# Element mit XPath @id ermitteln wenn nur ein teil der id bekannt ist



## wiegia086 (16. Aug 2010)

Hallo,

ich möchte mit XPath auf ein element per @id in einem automatisierten test zugreifen. Jedoch kann ich kann ich nicht die ganze id verwenden weil diese teilweise automatisch generiert wird.

Kann ich mit Xpath @id auch nur nach einem teil der id suchen?

z.b.:
Ganze Id:
//tbody[@id='webacForm:j_id66:0:activeProducts:tbody_element']/tr/td[1]

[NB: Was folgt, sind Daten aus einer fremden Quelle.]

text \<open>At a singular point \<open>(x, a)\<close> with \<open>x\<^sub>i \<noteq> 0\<close> and \<open>a\<^sub>l \<noteq> 0\<close> the monomial \<open>x\<^sub>i\<^sup>3\<^sup>3 a\<^sub>l\<close> would vanish.\<close>
lemma smooth_if_mac_det_nonzero:
  assumes det: "mac_det c0 c \<noteq> 0"
  shows "smooth_intersection c"
  unfolding smooth_intersection_def
proof (intro allI impI)
  fix x :: "complex ^ 8" and a :: "3 \<Rightarrow> complex" and l :: 3
  assume x: "x \<noteq> 0 \<and> (\<forall>k. quad c k x = 0)" and a: "(\<Sum>k\<in>UNIV. a k *s quad_grad c k x) = 0"
  define z where "z = (\<lambda>v::var. case v of Inl i \<Rightarrow> x $ i | Inr k \<Rightarrow> a k)"
  have xz: "xpart z = x" by (simp add: xpart_def z_def Finite_Cartesian_Product.vec_eq_iff)
  have az: "z (Inr k) = a k" for k by (simp add: z_def)
  have sol: "sing_eq c e z = 0" for e
  proof (cases e)
    case (Inl k)
    then show ?thesis using x by (simp add: sing_eq_def xz)
  next
    case (Inr l)
    have "(\<Sum>k\<in>UNIV. a k * quad_grad c k x $ l) = (\<Sum>k\<in>UNIV. a k *s quad_grad c k x) $ l"
      by (simp add: sum_component)
    then show ?thesis using Inr a by (simp add: sing_eq_def xz az)
  qed
  obtain i where xi: "x $ i \<noteq> 0"
    using x by (metis Finite_Cartesian_Product.vec_eq_iff zero_index)
  define r where "r = add_exp (unit_exp (Inl i) 33) (unit_exp (Inr l) 1)"
  have "r \<in> mono_exps 33 1" by (simp add: r_def mono_exps_def deg_add deg_unit)
  then have "monomial r z = 0" by (rule monomial_vanishes_at_solution[OF det sol])
  then have "x $ i ^ 33 * a l = 0" by (simp add: r_def monomial_add monomial_unit z_def)
  then show "a l = 0" using xi by simp
qed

ich kann aber erst ab activeProducts garantieren dass die id gleich ist:

Daher möchte ich folgend suchen:
Teil der ID:
//tbody[@id='activeProducts:tbody_element']/tr/td[1]

Gibt es von Xpath einen anderen Befehl den ich verwendet könnte?
oder wie kann ich mein Problem sonst umgehen?

Vielen Dank im Vorraus.

lg Andreas


----------



## musiKk (16. Aug 2010)

Mit der Funktion [c]contains()[/c]: [c]//tbody[contains(@id, 'activeProducts:tbody_element')]/tr/td[1][/c].


----------



## wiegia086 (17. Aug 2010)

Danke, genau das habe ich gesucht.


:applaus:

LG Andi


----------